lemma infinite_normal_space_bump_sequence:
  assumes "normal_T2 Y" and "infinite (topspace Y)"
  obtains f :: "nat \<Rightarrow> 'a \<Rightarrow> real"
  where "\<And>n. continuous_map Y euclideanreal (f n)"
    and "\<And>x. x \<in> topspace Y \<Longrightarrow> finite {n. f n x \<noteq> 0}"
    and "\<And>n. \<exists>x\<in>topspace Y. f n x = 1"
proof -
  have H: "Hausdorff_space Y" and N: "normal_space Y"
    using assms(1) unfolding normal_T2_def by auto
  obtain U :: "nat \<Rightarrow> 'a set" where U: "\<And>n. openin Y (U n)" "\<And>n. U n \<noteq> {}" "disjoint_family U"
    using Hausdorff_space_infinite_disjoint_family[OF H assms(2)] by metis
  have "\<exists>g. continuous_map Y euclideanreal g \<and> (\<forall>x\<in>topspace Y - U n. g x = 0) \<and>
      (\<exists>x\<in>topspace Y. g x = 1)" for n
  proof -
    obtain a where "a \<in> U n"
      using U(2) by blast
    then have a: "a \<in> topspace Y"
      using openin_subset[OF U(1)] by blast
    have "closedin Y (topspace Y - U n)"
      using U(1) by (rule closedin_diff[OF closedin_topspace])
    moreover have "closedin Y {a}"
      by (rule closedin_t1_singleton[OF Hausdorff_imp_t1_space[OF H] a])
    moreover have "disjnt (topspace Y - U n) {a}"
      using \<open>a \<in> U n\<close> by (simp add: disjnt_def)
    ultimately obtain g where "continuous_map Y euclideanreal g"
      "g ` (topspace Y - U n) \<subseteq> {0}" "g ` {a} \<subseteq> {1}"
      by (rule Urysohn_lemma_alt[OF N])
    then show ?thesis
      using a by (intro exI[of _ g]) auto
  qed
  then obtain f where f: "\<And>n. continuous_map Y euclideanreal (f n)"
    "\<And>n x. x \<in> topspace Y - U n \<Longrightarrow> f n x = 0" "\<And>n. \<exists>x\<in>topspace Y. f n x = 1"
    by metis
  have "finite {n. f n x \<noteq> 0}" if "x \<in> topspace Y" for x
  proof -
    have "{n. f n x \<noteq> 0} \<subseteq> {n. x \<in> U n}"
      using f(2) that by blast
    moreover have "finite {n. x \<in> U n}"
      using U(3) by (rule finite_disjoint_family_members)
    ultimately show ?thesis
      by (rule finite_subset)
  qed
  then show thesis
    by (rule that[OF f(1) _ f(3)])
qed

lemma finite_space_Ip_Iqn_Isigu_iff_Iu:
  assumes I: "ideal_on_nat I" and fin: "finite (topspace X)"
  shows "Ip I X f \<longleftrightarrow> Iu I X f" and "Iqn I X f \<longleftrightarrow> Iu I X f" and "Isigu I X f \<longleftrightarrow> Iu I X f"
  using Ip_imp_Iu_finite[OF I fin] Iu_imp_Ip[OF I] Iqn_imp_Ip[OF I] Iu_imp_Iqn[OF I]
    Isigu_imp_Ip[OF I] Iu_imp_Isigu
  by blast+

lemma in_class_finite_space:
  assumes I: "ideal_on_nat I" and fin: "finite (topspace Y)"
  shows "in_class (Ip I) \<beta> Y \<longleftrightarrow> in_class (Iu I) \<beta> Y"
    and "in_class (Iqn I) \<beta> Y \<longleftrightarrow> in_class (Iu I) \<beta> Y"
    and "in_class (Isigu I) \<beta> Y \<longleftrightarrow> in_class (Iu I) \<beta> Y"
  unfolding in_class_def by (simp_all add: finite_space_Ip_Iqn_Isigu_iff_Iu[OF I fin])

lemma infinite_space_not_in_class:
  assumes I: "ideal_on_nat I" and N: "normal_T2 Y" and inf: "infinite (topspace Y)"
  shows "\<not> in_class (Ip I) (Iu I) Y" and "\<not> in_class (Iqn I) (Iu I) Y"
    and "\<not> in_class (Isigu I) (Iu I) Y"
proof -
  obtain f :: "nat \<Rightarrow> 'a \<Rightarrow> real" where cont: "\<And>n. continuous_map Y euclideanreal (f n)"
    and fin: "\<And>x. x \<in> topspace Y \<Longrightarrow> finite {n. f n x \<noteq> 0}"
    and peaks: "\<And>n. \<exists>x\<in>topspace Y. f n x = 1"
    using infinite_normal_space_bump_sequence[OF N inf] by metis
  have "Isigu I Y f"
    using fin by (rule Isigu_if_finite_support[OF I])
  moreover have "Iqn I Y f"
    using fin by (rule Iqn_if_finite_support[OF I])
  moreover have "Ip I Y f"
    using Isigu_imp_Ip[OF I] \<open>Isigu I Y f\<close> .
  moreover have "\<not> Iu I Y f"
  proof (rule not_Iu_if_peaks[OF I])
    fix n
    obtain x where "x \<in> topspace Y" "f n x = 1"
      using peaks by blast
    then show "\<exists>x\<in>topspace Y. \<bar>f n x\<bar> \<ge> 1"
      by (intro bexI[of _ x]) simp_all
  qed
  ultimately show "\<not> in_class (Ip I) (Iu I) Y" and "\<not> in_class (Iqn I) (Iu I) Y"
    and "\<not> in_class (Isigu I) (Iu I) Y"
    using cont unfolding in_class_def by blast+
qed

lemma in_class_Iu_iff_finite:
  assumes I: "ideal_on_nat I" and N: "normal_T2 Y"
  shows "in_class (Ip I) (Iu I) Y \<longleftrightarrow> finite (topspace Y)"
    and "in_class (Iqn I) (Iu I) Y \<longleftrightarrow> finite (topspace Y)"
    and "in_class (Isigu I) (Iu I) Y \<longleftrightarrow> finite (topspace Y)"
proof -
  have "in_class (Iu I) (Iu I) Y"
    using N unfolding in_class_def by simp
  then show "in_class (Ip I) (Iu I) Y \<longleftrightarrow> finite (topspace Y)"
    and "in_class (Iqn I) (Iu I) Y \<longleftrightarrow> finite (topspace Y)"
    and "in_class (Isigu I) (Iu I) Y \<longleftrightarrow> finite (topspace Y)"
    using in_class_finite_space[OF I] infinite_space_not_in_class[OF I N] by blast+
qed

lemma Iu_indicator_iff:
  assumes I: "ideal_on_nat I" and "topspace X \<noteq> {}"
  shows "Iu I X (\<lambda>n x. indicator A n) \<longleftrightarrow> A \<in> I"
proof
  assume "Iu I X (\<lambda>n x. indicator A n)"
  then have "{n. \<exists>x\<in>topspace X. \<bar>indicator A n :: real\<bar> \<ge> 1} \<in> I"
    unfolding Iu_def by (rule Iu_onD) simp
  moreover obtain x where "x \<in> topspace X"
    using assms(2) by blast
  then have "{n. \<exists>x\<in>topspace X. \<bar>indicator A n :: real\<bar> \<ge> 1} = A"
    by (auto simp: indicator_def)
  ultimately show "A \<in> I"
    by simp
next
  assume "A \<in> I"
  have "{n. \<exists>x\<in>topspace X. \<bar>indicator A n :: real\<bar> \<ge> \<epsilon>} \<subseteq> A" if "\<epsilon> > 0" for \<epsilon> :: real
    using that by (auto simp: indicator_def)
  then show "Iu I X (\<lambda>n x. indicator A n)"
    unfolding Iu_def Iu_on_def using ideal_on_nat_subset[OF I \<open>A \<in> I\<close>] by blast
qed

lemma not_in_class_Iu_Iu_if_ne:
  assumes I: "ideal_on_nat I" and J: "ideal_on_nat J" and "I \<noteq> J" and "topspace Y \<noteq> {}"
  shows "\<not> in_class (Iu I) (Iu J) Y"
proof -
  obtain A where "A \<in> I \<longleftrightarrow> A \<notin> J"
    using \<open>I \<noteq> J\<close> by blast
  then have "\<not> (Iu I Y (\<lambda>n x. indicator A n) \<longleftrightarrow> Iu J Y (\<lambda>n x. indicator A n))"
    using Iu_indicator_iff[OF I assms(4)] Iu_indicator_iff[OF J assms(4)] by blast
  moreover have "\<forall>n. continuous_map Y euclideanreal (\<lambda>x. indicator A n :: real)"
    by simp
  ultimately show ?thesis
    unfolding in_class_def by (metis (no_types, lifting))
qed

lemma in_class_Iu_Iu_empty_space:
  assumes I: "ideal_on_nat I" and J: "ideal_on_nat J" and "normal_T2 Y" and "topspace Y = {}"
  shows "in_class (Iu I) (Iu J) Y"
  using assms(3,4) unfolding in_class_def Iu_def by (simp add: Iu_on_empty I J)

lemma normal_T2_discrete_topology: "normal_T2 (discrete_topology U)"
  unfolding normal_T2_def by (simp add: normal_space_discrete_topology)

theorem corollary3p5:
  fixes I J :: "nat set set" and X :: "'a topology"
  assumes "ideal_on_nat I" and "ideal_on_nat J" and "normal_T2 X"
  shows
   \<comment> \<open>(1): non(...) = 1 when I ~= J: every normal space of cardinality < 1 is in the class,
       and some one-point normal space is not\<close>
   "(I \<noteq> J \<longrightarrow>
      ((\<forall>Y :: 'b topology. normal_T2 Y \<and> topspace Y = {} \<longrightarrow>
          in_class (Ip I) (Iu J) Y \<and> in_class (Iqn I) (Iu J) Y \<and> in_class (Isigu I) (Iu J) Y) \<and>
       (\<exists>Y :: nat topology. normal_T2 Y \<and> card (topspace Y) = 1 \<and> \<not> in_class (Ip I) (Iu J) Y) \<and>
       (\<exists>Y :: nat topology. normal_T2 Y \<and> card (topspace Y) = 1 \<and> \<not> in_class (Iqn I) (Iu J) Y) \<and>
       (\<exists>Y :: nat topology. normal_T2 Y \<and> card (topspace Y) = 1 \<and> \<not> in_class (Isigu I) (Iu J) Y)))
    \<and>
   \<comment> \<open>(2)\<close>
    (in_class (Ip I) (Iu I) X \<longleftrightarrow> in_class (Iqn I) (Iu I) X) \<and>
    (in_class (Iqn I) (Iu I) X \<longleftrightarrow> in_class (Isigu I) (Iu I) X) \<and>
    (in_class (Isigu I) (Iu I) X \<longleftrightarrow> finite (topspace X))
    \<and>
   \<comment> \<open>(3): non(...) = omega: every finite normal space is in the class,
       and some countably infinite normal space is not\<close>
    ((\<forall>Y :: 'b topology. normal_T2 Y \<and> finite (topspace Y) \<longrightarrow>
          in_class (Ip I) (Iu I) Y \<and> in_class (Iqn I) (Iu I) Y \<and> in_class (Isigu I) (Iu I) Y) \<and>
     (\<exists>Y :: nat topology. normal_T2 Y \<and> infinite (topspace Y) \<and> \<not> in_class (Ip I) (Iu I) Y) \<and>
     (\<exists>Y :: nat topology. normal_T2 Y \<and> infinite (topspace Y) \<and> \<not> in_class (Iqn I) (Iu I) Y) \<and>
     (\<exists>Y :: nat topology. normal_T2 Y \<and> infinite (topspace Y) \<and> \<not> in_class (Isigu I) (Iu I) Y))
    \<and>
   \<comment> \<open>(4)\<close>
    (\<forall>Y :: 'b topology. normal_T2 Y \<and> infinite (topspace Y) \<longrightarrow>
       \<not> in_class (Ip I) (Iu I) Y \<and> \<not> in_class (Iqn I) (Iu I) Y \<and> \<not> in_class (Isigu I) (Iu I) Y)"
proof -
  let ?P = "discrete_topology {0::nat}" and ?N = "discrete_topology (UNIV :: nat set)"
  have spaces: "normal_T2 ?P" "card (topspace ?P) = 1" "normal_T2 ?N" "infinite (topspace ?N)"
    by (simp_all add: normal_T2_discrete_topology)
  have empty_in: "in_class (Ip I) (Iu J) Y \<and> in_class (Iqn I) (Iu J) Y \<and> in_class (Isigu I) (Iu J) Y"
    if "normal_T2 Y" and "topspace Y = {}" for Y :: "'b topology"
  proof -
    have "finite (topspace Y)"
      using that(2) by simp
    then show ?thesis
      using in_class_Iu_Iu_empty_space[OF assms(1,2) that] in_class_finite_space[OF assms(1)] by blast
  qed
  have point_not_in: "\<not> in_class (Ip I) (Iu J) ?P \<and> \<not> in_class (Iqn I) (Iu J) ?P \<and>
      \<not> in_class (Isigu I) (Iu J) ?P" if "I \<noteq> J"
    using not_in_class_Iu_Iu_if_ne[OF assms(1,2) that, of ?P] in_class_finite_space[OF assms(1), of ?P]
    by simp
  show ?thesis
    using spaces empty_in point_not_in in_class_Iu_iff_finite[OF assms(1)] assms(3) by metis
qed

end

━━━━━━━━━━

## What you have to do
Find every line of the records holding "beta". Answer with the count alone.

## Answer for the task
3